The idea behind this strategy is to replicate global prefetching information in each tile. To explain this technique, we will describe the behavior of the prefetcher following this approach in each of the three phases introduced in Section 6.2. As in Section 6.2, Figure 6.9 shows four tiles that represent a subset of the entire tiled system. In this section, we have also tagged the arrows with a number that represents the behavior in each phase.

1. Analysis phase :When the shared memory is accessed, a new notification message is generated with the information of the memory access (address, core that generated the demand request, if it has been a hit, miss, or useful prefetch, etc.) and broadcast to all the tiles in the system. The prefetcher information is replicated in each tile, which means that all the prefetchers read the request generated by the accessed memory mod- ule and update their status, keeping separate information for the different cores. This isolation can be achieved statically (using separate tables) or dynamically (expanding the access index with the core identifier).

2. Request generation phase: At the end of the analysis phase, several requests may be generated. Note that these requests may or may not be addressed to the same tile as the one from which they have been generated. As all the prefetching engines have the same access information, all of them are going to generate the same requests. This allows the requests that are not addressed to the same tile as the one from which they are generated to be filtered before being queued. This is done in order to prevent extra traffic and too many hit prefetches.

3. Evaluation phase: The prefetching profiling information will be gathered as usual in the shared memory piece by marking as a useful prefetch, for example, a prefetched cache line that is actually accessed by a demand request.

When this strategy is applied the challenges are faced in the following way:

• Pattern detection: The patterns are not distributed anymore because all the modules keep track of all the memory accesses in all the tiles. In this way, each prefetcher keeps a replica of the access memory information. For this reason, each replica is able to detect the patterns without any problems. The isolation of the information at a core level, avoids the distortion of the memory patern that may be introduced when several cores or applications are accesing the same cache.

Fig. 6.9 Phases of the Replication technique: (1) analysis, (2) request generation, and (3) evaluation.

• Prefetching queue filtering: The requests are queued to the same tile from which they are generated or they are filtered. For this reason, the same request cannot be located in two different tiles. If there is a replicated request in the same tile, the replicated request will be filtered when queued in the prefetch queue.

• Dynamic profiling: Due to the filtering mechanism performed in the request genera- tion phase, a distributed memory piece will only receive prefetching requests from a single prefetching engine, that is, the one in the same tile. Therefore, all the prefetched blocks in the memory will belong to that prefetching engine and all the profiling information regarding the prefetch activity on that piece of the memory will be correct and related with the prefetcher in that tile.

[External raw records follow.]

(* Let $E$ be a nonzero real Banach space and $S\colon E\rightrightarrows E^*$ be closed and monotone. Then the following are equivalent: (a) $S$ is quasidense; (b) for all $w\in E$, all nonempty $w(E^*,E)$-compact convex subsets $\widetilde W$ of $E^*$ and all $\eta>0$, there exists $(s,s^* )\in G(S)$ such that $\tfrac12\|s-w\|^2+\tfrac12\operatorname{dist}(s^*,\widetilde W)^2+\max_{x^*\in\widetilde W}\langle s-w,s^*-x^*\rangle<\eta$.
   Context: For a multifunction $S\colon E\rightrightarrows E^*$ with nonempty graph $G(S)$: closed means $G(S)$ norm-closed; monotone means $\langle s-t,s^*-t^*\rangle\ge0$ on $G(S)$; quasidense means for every $(x,x^* )\in E\times E^*$, $\inf_{(s,s^* )\in G(S)}[\tfrac12\|s-x\|^2+\tfrac12\|s^*-x^*\|^2+\langle s-x,s^*-x^*\rangle]\le0$. $\operatorname{dist}$ is norm distance in $E^*$. *)

theory Defs
  imports "HOL-Analysis.Analysis"
begin

(* The dual E* of a real Banach space E is modelled as the type 'a =>L real of
  bounded linear functionals; the pairing is blinfun_apply.  A multifunction S is
  identified with its graph G(S). *)

definition weak_star_topology :: "('a::real_normed_vector \<Rightarrow>\<^sub>L real) topology" where
  "weak_star_topology =
     topology_generated_by {{f. blinfun_apply f x \<in> U} | x U. open (U :: real set)}"

definition monotone_graph :: "('a::real_normed_vector \<times> ('a \<Rightarrow>\<^sub>L real)) set \<Rightarrow> bool" where
  "monotone_graph G \<longleftrightarrow>
     (\<forall>(s, s') \<in> G. \<forall>(t, t') \<in> G. blinfun_apply (s' - t') (s - t) \<ge> 0)"

definition quasidense :: "('a::real_normed_vector \<times> ('a \<Rightarrow>\<^sub>L real)) set \<Rightarrow> bool" where
  "quasidense G \<longleftrightarrow>
     (\<forall>x x'. (INF p\<in>G. (norm (fst p - x))\<^sup>2 / 2 + (norm (snd p - x'))\<^sup>2 / 2
                        + blinfun_apply (snd p - x') (fst p - x)) \<le> 0)"

end

theory Submission
  imports Defs
begin

text \<open>
  (b) implies (a) by taking \<open>W\<close> to be a singleton.
  For the converse, weak-star compact sets are norm bounded (Baire), and monotonicity confines
  the points provided by quasidensity to a bounded set: for each \<open>z \<in> W\<close> there is \<open>a \<in> G\<close>
  for which the quantity of (b), with the maximum replaced by the value at \<open>z\<close>, is small.
  That quantity is affine and weak-star continuous in \<open>z\<close>, so a minimax lemma over the
  weak-star compact convex set \<open>W\<close> yields a single convex combination \<open>m\<close> of finitely many
  such \<open>a\<close> that works for all \<open>z\<close> at once. The point \<open>m\<close> need not lie in \<open>G\<close>, but by
  monotonicity the Jensen defect \<open>\<delta>\<close> of the pairing along the combination is nonnegative and
  small, and \<open>q_L (b - m) \<ge> - \<delta>\<close> for every \<open>b \<in> G\<close>. Quasidensity at \<open>m\<close> therefore
  produces \<open>b \<in> G\<close> close to \<open>m\<close>, and the quantity is Lipschitz on bounded sets.
\<close>

section \<open>The weak-star topology\<close>

lemma topspace_weak_star_topology [simp]:
  "topspace (weak_star_topology :: ('a::real_normed_vector \<Rightarrow>\<^sub>L real) topology) = UNIV"
proof -
  have "UNIV \<in> {{f::'a \<Rightarrow>\<^sub>L real. f x \<in> U} | x U. open (U :: real set)}"
    by (intro CollectI exI[of _ 0] exI[of _ UNIV]) simp
  then show ?thesis
    unfolding weak_star_topology_def topology_generated_by_topspace by blast
qed

lemma openin_weak_star_evaluation:
  assumes "open U"
  shows "openin weak_star_topology {f::'a::real_normed_vector \<Rightarrow>\<^sub>L real. f x \<in> U}"
  unfolding weak_star_topology_def openin_topology_generated_by_iff
  by (rule generate_topology_on.Basis) (use assms in blast)

lemma continuous_map_weak_star_evaluation:
  "continuous_map weak_star_topology euclideanreal (\<lambda>f::'a::real_normed_vector \<Rightarrow>\<^sub>L real. f x)"
  by (simp add: continuous_map_def openin_weak_star_evaluation)

lemma compact_evaluation_image:
  "compactin weak_star_topology K \<Longrightarrow> compact ((\<lambda>f::'a::real_normed_vector \<Rightarrow>\<^sub>L real. f x) ` K)"
  using image_compactin[OF _ continuous_map_weak_star_evaluation] by fastforce

lemma closedin_weak_star_evaluation_le:
  "closedin weak_star_topology {f::'a::real_normed_vector \<Rightarrow>\<^sub>L real. f x \<le> c}"
proof -
  have "openin weak_star_topology {f::'a \<Rightarrow>\<^sub>L real. f x \<in> {c<..}}"
    by (rule openin_weak_star_evaluation) simp
  moreover have "UNIV - {f::'a \<Rightarrow>\<^sub>L real. f x \<le> c} = {f::'a \<Rightarrow>\<^sub>L real. f x \<in> {c<..}}"
    by auto
  ultimately show ?thesis
    unfolding closedin_def by simp
qed

lemma weak_star_compact_evaluation_bounded:
  assumes "compactin weak_star_topology K"
  obtains B where "\<And>f::'a::real_normed_vector \<Rightarrow>\<^sub>L real. f \<in> K \<Longrightarrow> \<bar>f x\<bar> \<le> B"
  using compact_imp_bounded[OF compact_evaluation_image[OF assms, of x]] by (auto simp: bounded_iff)

lemma weak_star_compact_evaluation_attains_min:
  assumes "compactin weak_star_topology K" "K \<noteq> {}"
  obtains f0 where "f0 \<in> K" "\<And>f::'a::real_normed_vector \<Rightarrow>\<^sub>L real. f \<in> K \<Longrightarrow> f0 x \<le> f x"
  using compact_attains_inf[OF compact_evaluation_image[OF assms(1), of x]] assms(2) by auto

lemma norm_blinfun_le_of_ball:
  fixes f :: "'a::real_normed_vector \<Rightarrow>\<^sub>L real"
  assumes r: "r > 0" and bound: "\<And>y. y \<in> ball x0 r \<Longrightarrow> \<bar>f y\<bar> \<le> c"
  shows "norm f \<le> 4 * c / r"
proof (rule norm_blinfun_bound)
  have "0 \<le> c" using bound[of x0] r by force
  then show "0 \<le> 4 * c / r" using r by simp
  fix x :: 'a
  show "norm (f x) \<le> 4 * c / r * norm x"
  proof (cases "x = 0")
    case False
    define t where "t = r / (2 * norm x)"
    have "dist x0 (x0 + t *\<^sub>R x) < r" using False r by (simp add: t_def dist_norm)
    then have "\<bar>f (x0 + t *\<^sub>R x) - f x0\<bar> \<le> 2 * c"
      using bound[of x0] bound[of "x0 + t *\<^sub>R x"] r by fastforce
    then have "t * \<bar>f x\<bar> \<le> 2 * c"
      using r False by (simp add: blinfun.add_right blinfun.scaleR_right t_def abs_mult)
    then show ?thesis
      using r False by (simp add: t_def field_simps)
  qed simp
qed

lemma weak_star_compact_norm_bounded:
  fixes W :: "('a::banach \<Rightarrow>\<^sub>L real) set"
  assumes cpt: "compactin weak_star_topology W"
  obtains R where "\<And>f. f \<in> W \<Longrightarrow> norm f \<le> R"
proof -
  define F where "F n = {x::'a. \<forall>f\<in>W. \<bar>f x\<bar> \<le> real n}" for n
  have closed_F: "closedin euclidean (F n)" for n
  proof -
    have "F n = (\<Inter>f\<in>W. {x. \<bar>blinfun_apply f x\<bar> \<le> real n})" unfolding F_def by blast
    moreover have "closed {x. \<bar>blinfun_apply f x\<bar> \<le> real n}" for f :: "'a \<Rightarrow>\<^sub>L real"
      by (intro closed_Collect_le continuous_intros)
    ultimately show ?thesis by (auto simp: closed_closedin[symmetric])
  qed
  have cover: "\<Union>(range F) = UNIV"
  proof (rule sym, rule UNIV_eq_I)
    fix x :: 'a
    obtain B where B: "\<And>f::'a \<Rightarrow>\<^sub>L real. f \<in> W \<Longrightarrow> \<bar>f x\<bar> \<le> B"
      using weak_star_compact_evaluation_bounded[OF cpt] by blast
    have "\<bar>f x\<bar> \<le> real (nat \<lceil>B\<rceil>)" if "f \<in> W" for f :: "'a \<Rightarrow>\<^sub>L real"
      using B[OF that] by linarith
    then have "x \<in> F (nat \<lceil>B\<rceil>)"
      unfolding F_def by blast
    then show "x \<in> \<Union>(range F)" by blast
  qed
  have "\<exists>n. interior (F n) \<noteq> {}"
  proof (rule ccontr)
    assume "\<nexists>n. interior (F n) \<noteq> {}"
    then have "interior (F n) = {}" for n by blast
    have "euclidean interior_of \<Union>(range F) = {}"
      by (rule Baire_category_alt[OF disjI1[OF completely_metrizable_space_euclidean]])
        (use closed_F \<open>\<And>n. interior (F n) = {}\<close> in auto)
    then show False using cover by simp
  qed
  then obtain n x0 where "x0 \<in> interior (F n)" by blast
  then obtain r where r: "r > 0" "ball x0 r \<subseteq> interior (F n)"
    using open_contains_ball_eq[OF open_interior] by blast
  have "norm f \<le> 4 * real n / r" if "f \<in> W" for f :: "'a \<Rightarrow>\<^sub>L real"
  proof (rule norm_blinfun_le_of_ball[OF r(1)])
    fix y assume "y \<in> ball x0 r"
    then have "y \<in> F n" using r(2) interior_subset by blast
    then show "\<bar>f y\<bar> \<le> real n" using that unfolding F_def by blast
  qed
  then show thesis by (rule that)
qed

As has been shown, the replication strategy deals with all the challenges presented in this study. However, each of the techniques proposed in this study has some drawbacks compared to the baseline (which cannot deal with the challenges). Table 6.2 shows the main drawbacks of the techniques proposed for solving the challenges and compares them to the baseline. In the following points, we define these drawbacks and show how the replication is affected by them.

• The total prefetcher size depends on the implementation of each prefetch engine. As it is a highly variable value, we have decided to put a reference value that represents the size of a prefetcher in a tile (M) in the baseline. When there are replications, each replica of the prefetcher must have enough available space to store information about the whole access pattern of all the cores. Therefore, the size of the data structures must be scaled appropriately. The maximum size required for a replica is the size of the prefetcher in a tile from the baseline multiplied by the number of tiles. For this reason, the total size will be the size of a replica multiplied by the number of replicas.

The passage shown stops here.